Steel String Guitar is a deep-sampled (3.000 samples) pristine sounding Dreadnought. We recorded both fingered- and picked playing styles of the guitar, including hundreds of natural fret and release noises. In addition we also created 18 morphed patches which blends the guitar with a variety of other instruments (including Double Bass, Bulbul Tarang, Plucked Grand Piano, Regular Grand Piano, Synths etc). The diversity of the morphed patches widens the sonic range of the guitar, so you make it sound like anything from a modified acoustic bass to a mandolin/luther, from a morphed guitar-piano to a more ethnic sound guitar with resonators. We also integrated live FX (ex. Delay, Verb, Screamer, Lofi, Convolution) into the patches, so you can trigger live FX on top of the patches by using key-switches. We also integrated a dual convolution reverb containing deep sets of both FX and normal based set of convolutions.

Here is a little video walkthrough of the library.



XOXO 8Dio


----------



## Mike Marino (Jan 14, 2013)

Sounds excellent


----------



## muziksculp (Jan 14, 2013)

*Re: 8Dio Coming Soon: Natural Acoustic Series - Steel String Guitar*

Sounds Wonderful, and cool interface ! 

You guys must be one of the most active Sample Developers on the planet :lol: 

Always good to have some great sounding virtual steel guitars.

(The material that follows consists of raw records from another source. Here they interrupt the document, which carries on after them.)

(* Fourier-Motzkin elimination of the variable n: rows with a zero coefficient at n are kept
   (even indices), and every pair of a row with positive and a row with negative coefficient
   is combined so that the variable cancels (odd indices, encoding the pair). *)
definition fm_index :: "nat \<Rightarrow> (nat \<Rightarrow> nat \<Rightarrow> real) \<Rightarrow> nat set \<Rightarrow> nat set" where
  "fm_index n g I = (\<lambda>i. 2 * i) ` {i\<in>I. g i n = 0}
     \<union> (\<lambda>p. Suc (2 * prod_encode p)) ` ({i\<in>I. 0 < g i n} \<times> {k\<in>I. g k n < 0})"

definition fm_row :: "nat \<Rightarrow> (nat \<Rightarrow> nat \<Rightarrow> real) \<Rightarrow> (nat \<Rightarrow> real) \<Rightarrow> nat \<Rightarrow> real" where
  "fm_row n g f q = (if even q then f (q div 2)
     else case prod_decode (q div 2) of (i, k) \<Rightarrow> - g k n * f i + g i n * f k)"

lemma fm_row_even [simp]: "fm_row n g f (2 * i) = f i"
  by (simp add: fm_row_def)

lemma fm_row_odd [simp]: "fm_row n g f (Suc (2 * prod_encode (i, k))) = - g k n * f i + g i n * f k"
  by (simp add: fm_row_def)

lemma fm_row_linear:
  "(\<Sum>j<n. fm_row n' g (\<lambda>i. g i j) q * y j) = fm_row n' g (\<lambda>i. \<Sum>j<n. g i j * y j) q"
  by (simp add: fm_row_def ring_distribs sum.distrib sum_distrib_left mult.assoc sum_negf sum_subtractf
      split: prod.split)

lemma fm_row_eliminates: "q \<in> fm_index n g I \<Longrightarrow> fm_row n g (\<lambda>i. g i n) q = 0"
  by (auto simp: fm_index_def)

lemma sum_fm_index:
  assumes "finite I"
  shows "(\<Sum>q\<in>fm_index n g I. F q) = (\<Sum>i\<in>{i\<in>I. g i n = 0}. F (2 * i))
           + (\<Sum>i\<in>{i\<in>I. 0 < g i n}. \<Sum>k\<in>{k\<in>I. g k n < 0}. F (Suc (2 * prod_encode (i, k))))"
proof -
  let ?Z = "{i\<in>I. g i n = 0}" and ?P = "{i\<in>I. 0 < g i n}" and ?N = "{k\<in>I. g k n < 0}"
  let ?even = "\<lambda>i::nat. 2 * i" and ?odd = "\<lambda>p. Suc (2 * prod_encode p)"
  have inj_even: "inj_on ?even ?Z" by (auto simp: inj_on_def)
  have inj_odd: "inj_on ?odd (?P \<times> ?N)"
    by (auto simp: inj_on_def dest: inj_onD[OF inj_prod_encode, of _ _ UNIV, simplified])
  have "?even ` ?Z \<inter> ?odd ` (?P \<times> ?N) = {}" by auto presburger
  then have "(\<Sum>q\<in>fm_index n g I. F q) = (\<Sum>q\<in>?even ` ?Z. F q) + (\<Sum>q\<in>?odd ` (?P \<times> ?N). F q)"
    unfolding fm_index_def using assms by (intro sum.union_disjoint) auto
  also have "\<dots> = (\<Sum>i\<in>?Z. F (2 * i)) + (\<Sum>(i, k)\<in>?P \<times> ?N. F (Suc (2 * prod_encode (i, k))))"
    by (simp add: sum.reindex[OF inj_even] sum.reindex[OF inj_odd] comp_def)
  finally show ?thesis by (simp add: sum.cartesian_product)
qed

lemma exists_between_finite:
  fixes A B :: "real set"
  assumes "finite A" "finite B" "\<forall>a\<in>A. \<forall>b\<in>B. a \<le> b"
  shows "\<exists>t. (\<forall>a\<in>A. a \<le> t) \<and> (\<forall>b\<in>B. t \<le> b)"
proof (cases "A = {}")
  case True
  then show ?thesis using assms(2) by (cases "B = {}") (auto intro!: exI[of _ "Min B"])
next
  case False
  then show ?thesis using assms by (intro exI[of _ "Max A"]) auto
qed

lemma fm_feasible_lift:
  assumes "finite I"
    and "feasible (fm_index n g I) n (\<lambda>q j. fm_row n g (\<lambda>i. g i j) q) (fm_row n g h) y"
  shows "\<exists>t. feasible I (Suc n) g h (y(n := t))"
proof -
  define S where "S i = (\<Sum>j<n. g i j * y j)" for i
  define P where "P = {i\<in>I. 0 < g i n}"
  define N where "N = {i\<in>I. g i n < 0}"
  define lo where "lo i = (h i - S i) / g i n" for i
  have fin: "finite P" "finite N" using assms(1) by (auto simp: P_def N_def)
  have rows: "fm_row n g h q \<le> fm_row n g S q" if "q \<in> fm_index n g I" for q
    using assms(2) that by (simp add: feasible_def fm_row_linear S_def[abs_def])
  have zero: "h i \<le> S i" if "i \<in> I" "g i n = 0" for i
    using rows[of "2 * i"] that by (simp add: fm_index_def)
  have lo_le: "lo i \<le> lo k" if "i \<in> P" "k \<in> N" for i k
  proof -
    have "Suc (2 * prod_encode (i, k)) \<in> fm_index n g I"
      using that unfolding fm_index_def P_def N_def by force
    from rows[OF this] have "- g k n * h i + g i n * h k \<le> - g k n * S i + g i n * S k" by simp
    moreover have "0 < g i n" "g k n < 0" using that by (auto simp: P_def N_def)
    ultimately show ?thesis unfolding lo_def by (simp add: divide_simps) (simp add: algebra_simps)
  qed
  obtain t where t: "\<forall>i\<in>P. lo i \<le> t" "\<forall>k\<in>N. t \<le> lo k"
    using exists_between_finite[of "lo ` P" "lo ` N"] fin lo_le by auto
  have "h i \<le> S i + g i n * t" if "i \<in> I" for i
  proof -
    consider "g i n = 0" | "0 < g i n" | "g i n < 0" by linarith
    then show ?thesis
    proof cases
      case 2
      with t(1) that show ?thesis by (simp add: P_def lo_def divide_simps algebra_simps)
    next
      case 3
      with t(2) that show ?thesis by (simp add: N_def lo_def divide_simps algebra_simps)
    qed (use zero that in auto)
  qed
  then show ?thesis by (auto simp: feasible_def S_def intro!: exI[of _ t])
qed

lemma fm_multiplier_lift:
  assumes "finite I" and v: "\<forall>q\<in>fm_index n g I. 0 \<le> v q"
  shows "\<exists>u. (\<forall>i\<in>I. 0 \<le> u i)
           \<and> (\<forall>f. (\<Sum>i\<in>I. u i * f i) = (\<Sum>q\<in>fm_index n g I. v q * fm_row n g f q))"
proof -
  let ?Z = "{i\<in>I. g i n = 0}" and ?P = "{i\<in>I. 0 < g i n}" and ?N = "{k\<in>I. g k n < 0}"
  let ?v = "\<lambda>i k. v (Suc (2 * prod_encode (i, k)))"
  define u where "u i = (if g i n = 0 then v (2 * i)
      else if 0 < g i n then (\<Sum>k\<in>?N. - g k n * ?v i k) else (\<Sum>i'\<in>?P. g i' n * ?v i' i))" for i
  have vZ: "0 \<le> v (2 * i)" if "i \<in> ?Z" for i
    using v that by (auto simp: fm_index_def)
  have vPN: "0 \<le> ?v i k" if "i \<in> ?P" "k \<in> ?N" for i k
    using v that unfolding fm_index_def by force
  have "0 \<le> u i" if "i \<in> I" for i
    using that vZ vPN by (auto simp: u_def intro!: sum_nonneg mult_nonneg_nonneg mult_nonpos_nonneg)
  moreover have "(\<Sum>i\<in>I. u i * f i) = (\<Sum>q\<in>fm_index n g I. v q * fm_row n g f q)" for f
  proof -
    have "(\<Sum>i\<in>I. u i * f i) = (\<Sum>i\<in>?Z \<union> (?P \<union> ?N). u i * f i)"
      by (rule sum.cong) auto
    also have "\<dots> = (\<Sum>i\<in>?Z. u i * f i) + (\<Sum>i\<in>?P. u i * f i) + (\<Sum>i\<in>?N. u i * f i)"
      using assms(1) by (subst sum.union_disjoint, auto)+
    also have "\<dots> = (\<Sum>i\<in>?Z. v (2 * i) * f i) + (\<Sum>i\<in>?P. \<Sum>k\<in>?N. - g k n * ?v i k * f i)
        + (\<Sum>k\<in>?N. \<Sum>i\<in>?P. g i n * ?v i k * f k)"
      by (simp add: u_def sum_distrib_right)
    also have "\<dots> = (\<Sum>i\<in>?Z. v (2 * i) * f i)
        + (\<Sum>i\<in>?P. \<Sum>k\<in>?N. ?v i k * (- g k n * f i + g i n * f k))"
      by (simp add: sum.swap[of _ ?N] sum.distrib[symmetric] algebra_simps)
    also have "\<dots> = (\<Sum>q\<in>fm_index n g I. v q * fm_row n g f q)"
      using assms(1) by (simp add: sum_fm_index)
    finally show ?thesis .
  qed
  ultimately show ?thesis by blast
qed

Oh... When can we expect Adagio Violas and Basses ? and possibly some new Vol.2 Adagio Violins ?


----------



## dathyr1 (Jan 14, 2013)

*Re: 8Dio Coming Soon: Natural Acoustic Series - Steel String Guitar*

Hello,

Thank you for the overview of the the Guitars. They all sound great.

Question for you on the effects. Is there an option to lock in any effect,
or are the effects only controlled by the keyboard by holding down notes
during live play?

I assume you also have permanent effect settings on any of the guitar sounds, but
thought I would ask after watching your video.

take care,

DaveT


----------



## oinnam (Jan 14, 2013)

*Re: 8Dio Coming Soon: Natural Acoustic Series - Steel String Guitar*

Hey DaveT, yes there are permanent effect settings too


----------



## musicformedia (Jan 15, 2013)

*Re: 8Dio Coming Soon: Natural Acoustic Series - Steel String Guitar*

Sounds great - looking forward to it!


----------



## oinnam (Jan 15, 2013)

First demo track is up, go to the product page for more info: Steel String Guitar 

[flash width=800 height=100 loop=false]https://player.soundcloud.com/player.swf?url=http%3A%2F%2Fapi.soundcloud.com%2Ftracks%2F75049479[/flash]


----------



## JeffP06 (Jan 15, 2013)

Why do we have a HybridRhythm link instead of the guitar ?


----------



## Rob Elliott (Jan 15, 2013)

*Re: 8Dio Coming Soon: Natural Acoustic Series - Steel String Guitar*

Nice sound and interface. Sold. Always room for one more geetar. :wink: 

Wonderful job guys.


----------



## david robinson (Jan 15, 2013)

this: i'm interested in. j.


----------



## shakuman (Jan 16, 2013)

*Re: 8Dio Coming Soon: Natural Acoustic Series - Steel String Guitar*

Awesome! _-)


----------



## narapo (Jan 16, 2013)

*Re: 8Dio Coming Soon: Natural Acoustic Series - Steel String Guitar*

seems very interesting from the demo vid !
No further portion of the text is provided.